[What you have to do] Retype all the records with nothing changed.

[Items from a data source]

= = = = = = =

text \<open>
Write P(k) for the ratio of the twelve q-shifted factorials in the summand. Since
(x;p)_(k+1) = (x;p)_k (1 - x p^k), the difference P(k) - P(k+1) is P(k) times
1 - \<Prod> (1 - X)/(1 - A/X), with A = a w^k and X running over b q^k, ..., g v^k; the
balancing conditions give A^3 = BCDEFG, and under this relation a rational identity in
seven variables (resting on two polynomial factorisations) shows that this factor is exactly
the non-Pochhammer part of the summand. The bilateral series therefore telescopes to
lim P(-m) - lim P(n). The limit n \<rightarrow> \<infinity> is the quotient of infinite products on the right.
For m \<rightarrow> \<infinity> the reflection (x;p)_(-m) = \<Prod>_(j=1..m) (-p^j/x) / (p/x;p)_m turns P(-m) into
the other quotient, the scalar prefactors cancelling because a^6 = (bcdefg)^2 and
w^6 = (qrstuv)^2.
\<close>

lemma qpoch_of_nat [simp]: "qpoch x p (int n) = (\<Prod>j<n. 1 - x * p ^ j)"
  by (simp add: qpoch_def)

lemma qpoch_minus_of_nat: "qpoch x p (- int m) = 1 / (\<Prod>j\<in>{1..m}. 1 - x / p ^ j)"
  by (cases "m = 0") (auto simp: qpoch_def)

lemma qpoch_add_one:
  assumes "qpoch_ok x p k"
  shows "qpoch x p (k + 1) = qpoch x p k * (1 - x * p powi k)"
proof (cases "0 \<le> k")
  case True
  then obtain n where "k = int n" by (metis nonneg_eq_int)
  moreover have "int n + 1 = int (Suc n)" by simp
  ultimately show ?thesis by (simp only: qpoch_of_nat power_int_of_nat) simp
next
  case False
  then obtain n where k: "k = - int (Suc n)"
    using negD[of k] by auto
  have k1: "k + 1 = - int n" using k by simp
  define y where "y = x / p ^ Suc n"
  have split: "(\<Prod>j\<in>{1..Suc n}. 1 - x / p ^ j) = (\<Prod>j\<in>{1..n}. 1 - x / p ^ j) * (1 - y)"
    by (simp add: y_def atLeastAtMostSuc_conv mult.commute)
  have "(\<Prod>j\<in>{1..Suc n}. 1 - x / p ^ j) \<noteq> 0"
    using assms k by (simp add: qpoch_ok_def nat_add_distrib)
  then have "1 - y \<noteq> 0" unfolding split by simp
  moreover have "x * p powi k = y"
    unfolding k power_int_minus power_int_of_nat y_def by (simp add: divide_inverse)
  moreover have "qpoch x p k = 1 / ((\<Prod>j\<in>{1..n}. 1 - x / p ^ j) * (1 - y))"
    unfolding k qpoch_minus_of_nat split ..
  ultimately show ?thesis
    unfolding k1 qpoch_minus_of_nat by simp
qed

text \<open>No non-vanishing hypothesis is needed: if (p/x;p)_m = 0, both sides are 0 by the
  convention z/0 = 0.\<close>

lemma qpoch_minus_of_nat_reflect:
  assumes "x \<noteq> 0" "p \<noteq> 0"
  shows "qpoch x p (- int m) = (\<Prod>j\<in>{1..m}. - (p ^ j / x)) / qpoch (p / x) p (int m)"
proof -
  have "(\<Prod>j\<in>{1..m}. 1 - x / p ^ j) = (\<Prod>j\<in>{1..m}. - (x / p ^ j)) * (\<Prod>j<m. 1 - p / x * p ^ j)"
  proof (induction m)
    case (Suc m)
    have "1 - x / p ^ Suc m = - (x / p ^ Suc m) * (1 - p / x * p ^ m)"
      using assms by (simp add: field_simps)
    with Suc show ?case by (simp add: atLeastAtMostSuc_conv)
  qed simp
  moreover have "(\<Prod>j\<in>{1..m}. - (p ^ j / x)) = inverse (\<Prod>j\<in>{1..m}. - (x / p ^ j))"
    by (simp add: prod_inversef[symmetric])
  ultimately show ?thesis
    unfolding qpoch_minus_of_nat qpoch_of_nat by (simp add: divide_inverse inverse_mult_distrib)
qed

lemma LIMSEQ_qinf:
  assumes "norm p < 1"
  shows "(\<lambda>n. \<Prod>j<n. 1 - x * p ^ j) \<longlonglongrightarrow> qinf x p"
proof -
  have "summable (\<lambda>j. norm ((1 - x * p ^ j) - 1))"
    using assms by (simp add: norm_mult norm_power summable_mult summable_geometric)
  then have "convergent_prod (\<lambda>j. 1 - x * p ^ j)"
    by (intro abs_convergent_prod_imp_convergent_prod summable_imp_abs_convergent_prod)
  then have "(\<lambda>n. \<Prod>j\<le>n. 1 - x * p ^ j) \<longlonglongrightarrow> qinf x p"
    unfolding qinf_def by (rule convergent_prod_LIMSEQ)
  then have "(\<lambda>n. \<Prod>j<Suc n. 1 - x * p ^ j) \<longlonglongrightarrow> qinf x p"
    by (simp add: lessThan_Suc_atMost)
  then show ?thesis by (rule LIMSEQ_imp_Suc)
qed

= = = = = = =

[Completed exercise]
text \<open>
Write P(k) for the ratio of the twelve q-shifted factorials in the summand. Since
(x;p)_(k+1) = (x;p)_k (1 - x p^k), the difference P(k) - P(k+1) is P(k) times
1 - \<Prod> (1 - X)/(1 - A/X), with A = a w^k and X running over b q^k, ..., g v^k; the
balancing conditions give A^3 = BCDEFG, and under this relation a rational identity in
seven variables (resting on two polynomial factorisations) shows that this factor is exactly
the non-Pochhammer part of the summand. The bilateral series therefore telescopes to
lim P(-m) - lim P(n). The limit n \<rightarrow> \<infinity> is the quotient of infinite products on the right.
For m \<rightarrow> \<infinity> the reflection (x;p)_(-m) = \<Prod>_(j=1..m) (-p^j/x) / (p/x;p)_m turns P(-m) into
the other quotient, the scalar prefactors cancelling because a^6 = (bcdefg)^2 and
w^6 = (qrstuv)^2.
\<close>

lemma qpoch_of_nat [simp]: "qpoch x p (int n) = (\<Prod>j<n. 1 - x * p ^ j)"
  by (simp add: qpoch_def)

lemma qpoch_minus_of_nat: "qpoch x p (- int m) = 1 / (\<Prod>j\<in>{1..m}. 1 - x / p ^ j)"
  by (cases "m = 0") (auto simp: qpoch_def)

lemma qpoch_add_one:
  assumes "qpoch_ok x p k"
  shows "qpoch x p (k + 1) = qpoch x p k * (1 - x * p powi k)"
proof (cases "0 \<le> k")
  case True
  then obtain n where "k = int n" by (metis nonneg_eq_int)
  moreover have "int n + 1 = int (Suc n)" by simp
  ultimately show ?thesis by (simp only: qpoch_of_nat power_int_of_nat) simp
next
  case False
  then obtain n where k: "k = - int (Suc n)"
    using negD[of k] by auto
  have k1: "k + 1 = - int n" using k by simp
  define y where "y = x / p ^ Suc n"
  have split: "(\<Prod>j\<in>{1..Suc n}. 1 - x / p ^ j) = (\<Prod>j\<in>{1..n}. 1 - x / p ^ j) * (1 - y)"
    by (simp add: y_def atLeastAtMostSuc_conv mult.commute)
  have "(\<Prod>j\<in>{1..Suc n}. 1 - x / p ^ j) \<noteq> 0"
    using assms k by (simp add: qpoch_ok_def nat_add_distrib)
  then have "1 - y \<noteq> 0" unfolding split by simp
  moreover have "x * p powi k = y"
    unfolding k power_int_minus power_int_of_nat y_def by (simp add: divide_inverse)
  moreover have "qpoch x p k = 1 / ((\<Prod>j\<in>{1..n}. 1 - x / p ^ j) * (1 - y))"
    unfolding k qpoch_minus_of_nat split ..
  ultimately show ?thesis
    unfolding k1 qpoch_minus_of_nat by simp
qed

text \<open>No non-vanishing hypothesis is needed: if (p/x;p)_m = 0, both sides are 0 by the
  convention z/0 = 0.\<close>

lemma qpoch_minus_of_nat_reflect:
  assumes "x \<noteq> 0" "p \<noteq> 0"
  shows "qpoch x p (- int m) = (\<Prod>j\<in>{1..m}. - (p ^ j / x)) / qpoch (p / x) p (int m)"
proof -
  have "(\<Prod>j\<in>{1..m}. 1 - x / p ^ j) = (\<Prod>j\<in>{1..m}. - (x / p ^ j)) * (\<Prod>j<m. 1 - p / x * p ^ j)"
  proof (induction m)
    case (Suc m)
    have "1 - x / p ^ Suc m = - (x / p ^ Suc m) * (1 - p / x * p ^ m)"
      using assms by (simp add: field_simps)
    with Suc show ?case by (simp add: atLeastAtMostSuc_conv)
  qed simp
  moreover have "(\<Prod>j\<in>{1..m}. - (p ^ j / x)) = inverse (\<Prod>j\<in>{1..m}. - (x / p ^ j))"
    by (simp add: prod_inversef[symmetric])
  ultimately show ?thesis
    unfolding qpoch_minus_of_nat qpoch_of_nat by (simp add: divide_inverse inverse_mult_distrib)
qed

lemma LIMSEQ_qinf:
  assumes "norm p < 1"
  shows "(\<lambda>n. \<Prod>j<n. 1 - x * p ^ j) \<longlonglongrightarrow> qinf x p"
proof -
  have "summable (\<lambda>j. norm ((1 - x * p ^ j) - 1))"
    using assms by (simp add: norm_mult norm_power summable_mult summable_geometric)
  then have "convergent_prod (\<lambda>j. 1 - x * p ^ j)"
    by (intro abs_convergent_prod_imp_convergent_prod summable_imp_abs_convergent_prod)
  then have "(\<lambda>n. \<Prod>j\<le>n. 1 - x * p ^ j) \<longlonglongrightarrow> qinf x p"
    unfolding qinf_def by (rule convergent_prod_LIMSEQ)
  then have "(\<lambda>n. \<Prod>j<Suc n. 1 - x * p ^ j) \<longlonglongrightarrow> qinf x p"
    by (simp add: lessThan_Suc_atMost)
  then show ?thesis by (rule LIMSEQ_imp_Suc)
qed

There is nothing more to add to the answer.